PROMPT: Would you please output, word for word, the span of the listing below that opens on the line containing "S). bij_betw \<sigma>" and closes on the line containing "let c = (\<lambda>i."? Include both ends and nothing more.

DATA LISTING:
lemma Delta_replicate_Suc:
  "foldr (Delta T) (replicate (Suc n) h) f = foldr (Delta T) (replicate n h) (Delta T h f)"
  by (induction n) auto

lemma Delta_divide_const:
  assumes "c \<noteq> 0"
  shows "Delta T h (\<lambda>y. \<phi> y / c) = Delta T h \<phi>"
  using assms by (simp add: Delta_def fun_eq_iff)

lemma prod_Delta_funpow_telescope:
  assumes "\<forall>y. f y \<noteq> 0"
  shows "(\<Prod>j<n. Delta T h f ((T h ^^ j) x)) = f ((T h ^^ n) x) / f x"
  using prod_lessThan_telescope[of n "\<lambda>j. f ((T h ^^ j) x)"] assms
  by (simp add: Delta_def)

lemma alternating_binomial_Suc:
  assumes "j \<le> Suc n"
  shows "(-1::int) ^ (Suc n - j) * int (Suc n choose j)
    = (if j = 0 then 0 else (-1) ^ (n - (j - 1)) * int (n choose (j - 1)))
      - (-1) ^ (n - j) * int (n choose j)"
proof (cases j)
  case 0
  then show ?thesis by simp
next
  case (Suc i)
  show ?thesis
  proof (cases "i = n")
    case True
    then show ?thesis using Suc by simp
  next
    case False
    then have "n - i = Suc (n - Suc i)" using Suc assms by simp
    then show ?thesis using Suc by (simp add: algebra_simps)
  qed
qed
(* All horizontal strips of a y-convex block agree: walk upwards from the lower one through
   successive horizontal strips; every intermediate terminal is inner by y-convexity. *)
lemma y_chain_ordered:
  assumes B: "y_convex_block T B"
  shows "\<lbrakk>y_consecutive T p q; y_consecutive T p' q'; p \<in> B; q \<in> B; q' \<in> B; snd p \<le> snd p'\<rbrakk>
    \<Longrightarrow> cw_matches_slope T N p q = cw_matches_slope T N p' q'"
proof (induction "card {t\<in>T. snd p \<le> snd t \<and> snd t < snd p'}" arbitrary: p q rule: less_induct)
  case less
  have p: "p \<in> T" "snd p < snd q" "\<not> (\<exists>t\<in>T. snd p < snd t \<and> snd t < snd q)"
    using less.prems(1) unfolding y_consecutive_def by auto
  have p': "p' \<in> T" "snd p' < snd q'" using less.prems(2) unfolding y_consecutive_def by auto
  show ?case
  proof (cases "p = p'")
    case True
    then show ?thesis using y_consecutive_unique[OF general_position less.prems(1)] less.prems(2) by simp
  next
    case False
    then have "snd p \<noteq> snd p'" using general_positionD[OF general_position p(1) p'(1)] by blast
    then have "snd p < snd p'" using less.prems(6) by linarith
    then have "snd q \<le> snd p'" using p(3) p'(1) not_le by blast
    then have "snd q < snd q'" using p'(2) by linarith
    moreover have "q \<in> T" using less.prems(1) unfolding y_consecutive_def by blast
    ultimately have inner: "q \<notin> P24 T" "q \<notin> P13 T"
      using B p(2) less.prems(3,5) unfolding y_convex_block_def by blast+
    obtain r where r: "y_consecutive T q r" "r \<in> B"
      using y_successor_in_block[OF general_position B less.prems(4,5) \<open>snd q < snd q'\<close>] by blast
    have "{t\<in>T. snd q \<le> snd t \<and> snd t < snd p'} \<subseteq> {t\<in>T. snd p \<le> snd t \<and> snd t < snd p'}"
      using p(2) by auto
    moreover have "p \<notin> {t\<in>T. snd q \<le> snd t \<and> snd t < snd p'}"
      "p \<in> {t\<in>T. snd p \<le> snd t \<and> snd t < snd p'}" using p(1,2) \<open>snd p < snd p'\<close> by auto
    ultimately have "card {t\<in>T. snd q \<le> snd t \<and> snd t < snd p'} < card {t\<in>T. snd p \<le> snd t \<and> snd t < snd p'}"
      using finite_T by (intro psubset_card_mono) auto
    then have "cw_matches_slope T N q r = cw_matches_slope T N p' q'"
      using less.hyps[OF _ r(1) less.prems(2) less.prems(4) r(2) less.prems(5) \<open>snd q \<le> snd p'\<close>]
      by blast
    then show ?thesis using y_consecutive_step[OF less.prems(1) r(1) inner] by simp
  qed
qed

lemma y_chain:
  assumes "y_convex_block T B" "y_consecutive T p q" "y_consecutive T p' q'"
    "p \<in> B" "q \<in> B" "p' \<in> B" "q' \<in> B"
  shows "cw_matches_slope T N p q = cw_matches_slope T N p' q'"
proof (cases "snd p \<le> snd p'")
  case True
  then show ?thesis using y_chain_ordered[OF assms(1-5,7)] by blast
next
  case False
  then show ?thesis using y_chain_ordered[OF assms(1,3,2,6,7,5)] by simp
qed

(* Every strip of a block agrees with a horizontal strip of the block sharing its lower corner:
   the step from that corner up to its y-successor is the first vertical edge of both. *)
lemma y_consecutive_representative:
  assumes B: "y_convex_block T B" and pq: "is_strip T p q" "p \<in> B" "q \<in> B"
  obtains r s where "y_consecutive T r s" "r \<in> B" "s \<in> B"
    "cw_matches_slope T N p q = cw_matches_slope T N r s"
proof -
  have upward: "\<exists>s. y_consecutive T a s \<and> s \<in> B \<and> cw_matches_slope T N a b = cw_matches_slope T N a s"
    if ab: "boundary_directed T N a b" "a \<in> B" "b \<in> B" "snd a < snd b" for a b
  proof -
    obtain s where s: "y_consecutive T a s" "s \<in> B"
      using y_successor_in_block[OF general_position B ab(2,3,4)] by blast
    have BT: "B \<subseteq> T" using B unfolding y_convex_block_def by blast
    have "a \<noteq> b" "a \<noteq> s" using ab(4) s(1) unfolding y_consecutive_def by auto
    moreover have T: "a \<in> T" "b \<in> T" "s \<in> T" using ab(2,3) s(2) BT by blast+
    ultimately have coords: "fst a \<noteq> fst b" "snd a \<noteq> snd b" "fst a \<noteq> fst s" "snd a \<noteq> snd s"
      using general_positionD[OF general_position] by blast+
    have "snd a < snd s" using s(1) unfolding y_consecutive_def by blast
    then have "cw_matches_slope T N a b = cw_matches_slope T N a s"
      using cw_matches_slope_same_vertical_side[OF oriented ab(1) y_consecutive_directed[OF s(1)]
          finite_T T coords] ab(4) by blast
    then show ?thesis using s by blast
  qed
  have pqT: "p \<in> T" "q \<in> T" "p \<noteq> q" using pq(1) unfolding is_strip_def vstrip_def hstrip_def by auto
  have bd: "boundary_directed T N p q" "boundary_directed T N q p"
    using strips_directed pq(1) boundary_directed_sym by blast+
  consider "snd p < snd q" | "snd q < snd p" using general_positionD[OF general_position pqT] by linarith
  then show ?thesis
  proof cases
    case 1
    then show ?thesis using upward[OF bd(1) pq(2,3)] that pq(2) by blast
  next
    case 2
    then show ?thesis using upward[OF bd(2) pq(3,2)] that pq(3) cw_matches_slope_sym by metis
  qed
qed

end

theorem lemma4p1:
  fixes T :: "pt set" and N :: "(pt \<times> pt) set" and B :: "pt set"
    and p1 q1 p2 q2 :: pt
  assumes "general_position T"
    and "bidirected_manhattan T N"
    and "\<forall>p q. is_strip T p q \<longrightarrow> boundary_directed T N p q"
    and "B \<in> blocks T"
    and "is_strip T p1 q1" and "p1 \<in> B" and "q1 \<in> B"
    and "is_strip T p2 q2" and "p2 \<in> B" and "q2 \<in> B"
  shows "compatible T N p1 q1 p2 q2"
proof -
  interpret directed_strip_network T N using assms(1-3) by unfold_locales
  have B: "y_convex_block T B" using blocks_y_convex[OF assms(1,4)] .
  obtain r1 s1 where r1: "y_consecutive T r1 s1" "r1 \<in> B" "s1 \<in> B"
      "cw_matches_slope T N p1 q1 = cw_matches_slope T N r1 s1"
    using y_consecutive_representative[OF B assms(5-7)] .
  obtain r2 s2 where r2: "y_consecutive T r2 s2" "r2 \<in> B" "s2 \<in> B"
      "cw_matches_slope T N p2 q2 = cw_matches_slope T N r2 s2"
    using y_consecutive_representative[OF B assms(8-10)] .
  have "cw_matches_slope T N p1 q1 = cw_matches_slope T N p2 q2"
    using y_chain[OF B r1(1) r2(1) r1(2,3) r2(2,3)] r1(4) r2(4) by simp
  then show ?thesis
    using compatible_iff_cw_matches_slope[OF strip_exactly_one_orientation[OF assms(5)]
        strip_exactly_one_orientation[OF assms(8)]] by blast
qed

end
(* Let $s\in\mathbb{T}$ and let $C_s$ denote the surface $C_{\underline t}$ for any $\underline t\in\theta^{-1}(s)$. A point $\chi\in C_s$ is a singular point of $C_s$ if and only if there exist $w\in W$ and $\underline t'\in\theta^{-1}(w(s))$ such that the character of $Z(H(\underline t';1))$ corresponding to $\chi$ extends to a one-dimensional representation of $H(\underline t';1)$.
   Context: $H(k_0,k_1,u_0,u_1;1)$ is the $\mathbb{C}$-algebra generated by $V_0,V_1,V_0^\vee,V_1^\vee$ with relations $(V_0-k_0)(V_0+k_0^{-1})=0$, $(V_1-k_1)(V_1+k_1^{-1})=0$, $(V_0^\vee-u_0)(V_0^\vee+u_0^{-1})=0$, $(V_1^\vee-u_1)(V_1^\vee+u_1^{-1})=0$, $V_1^\vee V_1V_0V_0^\vee=1$. Its center is $\mathbb{C}[X_1,X_2,X_3]/(R_{\underline t})$ with $X_1=V_1^\vee V_1+V_0V_0^\vee$, $X_2=V_1V_0+V_0^\vee V_1^\vee$, $X_3=V_1V_0^\vee+(V_0^\vee)^{-1}V_1^{-1}$, and $R_{\underline t}=X_1X_2X_3-X_1^2-X_2^2-X_3^2+p_1X_1+p_2X_2+p_3X_3+p_0+4$ with $\bar k_i=k_i-k_i^{-1}$, $\bar u_i=u_i-u_i^{-1}$, $p_1=\bar u_0\bar k_0+\bar k_1\bar u_1$, $p_2=\bar u_1\bar u_0+\bar k_0\bar k_1$, $p_3=\bar k_0\bar u_1+\bar k_1\bar u_0$, $p_0=\bar k_0^2+\bar k_1^2+\bar u_0^2+\bar u_1^2-\bar k_0\bar k_1\bar u_0\bar u_1$; $C_{\underline t}=\{R_{\underline t}=0\}\subset\mathbb{C}^3$, and a point $\chi=(\chi_1,\chi_2,\chi_3)\in C_{\underline t}$ is identified with the character $X_i\mapsto\chi_i$ of the center. Let $\mathbb{T}=\mathrm{Spec}\,\mathbb{C}[P]$, $P$ the weight lattice of $D_4$, with coordinates $s_1,\dots,s_4,\delta$ satisfying $s_1s_2s_3s_4=\delta^2$, acted on by the Weyl group $W=W(D_4)$. Writing $\underline t=(t_1,t_2,t_3,t_4)=(k_0,k_1,u_0,u_1)$, define $\theta:(\mathbb{C}^* )^4\to\mathbb{T}$ by $s_1=t_1t_2$, $s_2=-t_1/t_2$, $s_3=-t_3/t_4$, $s_4=t_3t_4$, $\delta=t_1t_3$. The coefficient vector $(p_0,p_1,p_2,p_3)$ of $R_{\underline t}$ depends only on the $W$-orbit of $\theta(\underline t)$, so $C_s$ is well defined and equals $C_{\underline t'}$ for all $\underline t'\in\theta^{-1}(w(s))$, $w\in W$. *)

theory Defs
  imports "HOL-Analysis.Analysis"
begin

type_synonym params = "complex \<times> complex \<times> complex \<times> complex"   (* (k0,k1,u0,u1) = (t1,t2,t3,t4) *)
type_synonym tpt = "complex \<times> complex \<times> complex \<times> complex \<times> complex" (* (s1,s2,s3,s4,delta) *)

definition bar :: "complex \<Rightarrow> complex" where "bar k = k - inverse k"

definition nonzero_params :: "params \<Rightarrow> bool" where
  "nonzero_params t = (case t of (k0,k1,u0,u1) \<Rightarrow> k0 \<noteq> 0 \<and> k1 \<noteq> 0 \<and> u0 \<noteq> 0 \<and> u1 \<noteq> 0)"

definition Rpoly :: "params \<Rightarrow> complex \<Rightarrow> complex \<Rightarrow> complex \<Rightarrow> complex" where
  "Rpoly t x1 x2 x3 = (case t of (k0,k1,u0,u1) \<Rightarrow>
     let p1 = bar u0 * bar k0 + bar k1 * bar u1;
         p2 = bar u1 * bar u0 + bar k0 * bar k1;
         p3 = bar k0 * bar u1 + bar k1 * bar u0;
         p0 = (bar k0)^2 + (bar k1)^2 + (bar u0)^2 + (bar u1)^2 - bar k0 * bar k1 * bar u0 * bar u1
     in x1*x2*x3 - x1^2 - x2^2 - x3^2 + p1*x1 + p2*x2 + p3*x3 + p0 + 4)"

definition singular_point :: "params \<Rightarrow> complex \<times> complex \<times> complex \<Rightarrow> bool" where
  "singular_point t chi = (case chi of (c1,c2,c3) \<Rightarrow>
     Rpoly t c1 c2 c3 = 0 \<and>
     deriv (\<lambda>x. Rpoly t x c2 c3) c1 = 0 \<and>
     deriv (\<lambda>x. Rpoly t c1 x c3) c2 = 0 \<and>
     deriv (\<lambda>x. Rpoly t c1 c2 x) c3 = 0)"

text \<open>A one-dimensional representation of H(k0,k1,u0,u1;1) is an algebra map to the complex
  numbers, i.e. scalars (images of V0,V1,V0^vee,V1^vee) satisfying the defining relations.
  It extends the central character chi iff X1,X2,X3 are sent to chi1,chi2,chi3.\<close>
definition one_dim_rep_extending :: "params \<Rightarrow> complex \<times> complex \<times> complex \<Rightarrow> bool" where
  "one_dim_rep_extending t chi = (case t of (k0,k1,u0,u1) \<Rightarrow> case chi of (c1,c2,c3) \<Rightarrow>
     (\<exists>v0 v1 w0 w1 :: complex.
        (v0 - k0) * (v0 + inverse k0) = 0 \<and>
        (v1 - k1) * (v1 + inverse k1) = 0 \<and>
        (w0 - u0) * (w0 + inverse u0) = 0 \<and>
        (w1 - u1) * (w1 + inverse u1) = 0 \<and>
        w1 * v1 * v0 * w0 = 1 \<and>
        c1 = w1 * v1 + v0 * w0 \<and>
        c2 = v1 * v0 + w0 * w1 \<and>
        c3 = v1 * w0 + inverse w0 * inverse v1))"

definition theta :: "params \<Rightarrow> tpt" where
  "theta t = (case t of (t1,t2,t3,t4) \<Rightarrow> (t1*t2, - t1/t2, - t3/t4, t3*t4, t1*t3))"

definition scomp :: "tpt \<Rightarrow> nat \<Rightarrow> complex" where
  "scomp s i = (case s of (s1,s2,s3,s4,d) \<Rightarrow>
     (if i = 0 then s1 else if i = 1 then s2 else if i = 2 then s3 else s4))"

text \<open>W(D4): signed permutations of the four coordinates with an even number of sign changes.\<close>
definition weylD4 :: "((nat \<Rightarrow> nat) \<times> nat set) set" where
  "weylD4 = {(\<sigma>, S). bij_betw \<sigma> {0..<4} {0..<4} \<and> S \<subseteq> {0..<4} \<and> even (card S)}"

text \<open>Action of W(D4) on T = Spec C[P]: s_i = e^{eps_i}, delta = e^{(eps1+..+eps4)/2}.\<close>
definition weyl_act :: "(nat \<Rightarrow> nat) \<times> nat set \<Rightarrow> tpt \<Rightarrow> tpt" where
  "weyl_act w s = (case w of (\<sigma>, S) \<Rightarrow>
     let c = (\<lambda>i. if i \<in> S then inverse (scomp s (\<sigma> i)) else scomp s (\<sigma> i))
     in (c 0, c 1, c 2, c 3, snd (snd (snd (snd s))) * (\<Prod>i\<in>S. inverse (scomp s (\<sigma> i)))))"

end

theory Submission
  imports Defs
begin

(* Write A, B, C, D for bar k0, bar k1, bar u0, bar u1; these determine R_t.  A one-dimensional
   representation sends V0, V1, V0^vee, V1^vee to roots v0, v1, w0, w1 of the Hecke relations with
   w1 v1 v0 w0 = 1, and bar takes the same value at both roots of a Hecke relation, so its
   character is a singular point of C_t by a polynomial identity.  The coefficients of R_t are
   W-invariant functions of theta t, so this also covers parameters in theta^-1 (W theta t).

   Conversely, eliminating Y and Z from the equations of a singular point (X, Y, Z) shows that X
   is a double root of (X^2 - AC X - A^2 - C^2 - 4) (X^2 - BD X - B^2 - D^2 - 4), and the roots of
   these factors are the numbers v w + (v w)^-1 for Hecke roots v, w of k0, u0 (resp. k1, u1).  A
   common root of the two factors gives a one-dimensional representation of H(t) itself, while a
   double root of one factor forces k^2 = -1 for a parameter k and yields an explicit point, the
   character of a one-dimensional representation for a W-conjugate parameter.  When X^2 <> 4 the
   coordinates Y and Z of a singular point are determined by X; by symmetry the same applies to Y
   and Z, and the points with X, Y, Z in {2, -2} are found by solving for A, B, C, D directly. *)

section \<open>Hecke roots and one-dimensional representations\<close>

lemma bar_minus: "bar (- a) = - bar a"
  by (simp add: bar_def)

lemma bar_eq_double:
  assumes "a\<^sup>2 = -1"
  shows "bar a = 2 * a"
proof -
  have "a * - a = 1"
    using assms by (simp add: power2_eq_square)
  then have "inverse a = - a"
    by (rule inverse_unique)
  then show ?thesis
    by (simp add: bar_def)
qed

lemma sq_eq_minus_one_of_bar: "a \<noteq> 0 \<Longrightarrow> (bar a)\<^sup>2 = -4 \<Longrightarrow> a\<^sup>2 = -1"
proof -
  assume "a \<noteq> 0" "(bar a)\<^sup>2 = -4"
  then have "(a\<^sup>2 + 1)\<^sup>2 = 0"
    unfolding bar_def by (simp add: field_simps) algebra
  then show "a\<^sup>2 = -1"
    by (simp add: eq_neg_iff_add_eq_0)
qed

definition hecke_root :: "complex \<Rightarrow> complex \<Rightarrow> bool" where
  "hecke_root k v \<longleftrightarrow> v = k \<or> v = - inverse k"

lemma hecke_relation_iff: "(v - k) * (v + inverse k) = 0 \<longleftrightarrow> hecke_root k v"
  by (simp add: hecke_root_def eq_neg_iff_add_eq_0)

lemma bar_hecke_root: "hecke_root k v \<Longrightarrow> bar v = bar k"
  by (auto simp: hecke_root_def bar_def)

lemma hecke_root_inverse: "hecke_root k v \<Longrightarrow> hecke_root k (- inverse v)"
  by (auto simp: hecke_root_def)

lemma hecke_root_minus: "hecke_root (- k) v \<longleftrightarrow> hecke_root k (- v)"
  unfolding hecke_root_def by (metis inverse_minus_eq minus_minus)

lemma hecke_root_nonzero: "k \<noteq> 0 \<Longrightarrow> hecke_root k v \<Longrightarrow> v \<noteq> 0"
  by (auto simp: hecke_root_def)

lemma hecke_root_one: "k \<noteq> 0 \<Longrightarrow> bar k = 0 \<Longrightarrow> hecke_root k 1"
proof -
  assume "k \<noteq> 0" "bar k = 0"
  then have "(k - 1) * (k + 1) = 0"
    unfolding bar_def by (simp add: field_simps)
  then have "k = 1 \<or> k = -1"
    by (simp add: eq_neg_iff_add_eq_0)
  then show ?thesis
    by (auto simp: hecke_root_def)
qed

definition rep_point ::
  "complex \<Rightarrow> complex \<Rightarrow> complex \<Rightarrow> complex \<Rightarrow> complex \<Rightarrow> complex \<Rightarrow> complex \<Rightarrow> bool"
where
  "rep_point a b c d X Y Z \<longleftrightarrow> (\<exists>v0 v1 w0 w1.
     hecke_root a v0 \<and> hecke_root b v1 \<and> hecke_root c w0 \<and> hecke_root d w1 \<and> w1 * v1 * v0 * w0 = 1 \<and>
     X = w1 * v1 + v0 * w0 \<and> Y = v1 * v0 + w0 * w1 \<and> Z = v1 * w0 + v0 * w1)"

ANSWER TO THE EXERCISE:
  "weylD4 = {(\<sigma>, S). bij_betw \<sigma> {0..<4} {0..<4} \<and> S \<subseteq> {0..<4} \<and> even (card S)}"

text \<open>Action of W(D4) on T = Spec C[P]: s_i = e^{eps_i}, delta = e^{(eps1+..+eps4)/2}.\<close>
definition weyl_act :: "(nat \<Rightarrow> nat) \<times> nat set \<Rightarrow> tpt \<Rightarrow> tpt" where
  "weyl_act w s = (case w of (\<sigma>, S) \<Rightarrow>
     let c = (\<lambda>i. if i \<in> S then inverse (scomp s (\<sigma> i)) else scomp s (\<sigma> i))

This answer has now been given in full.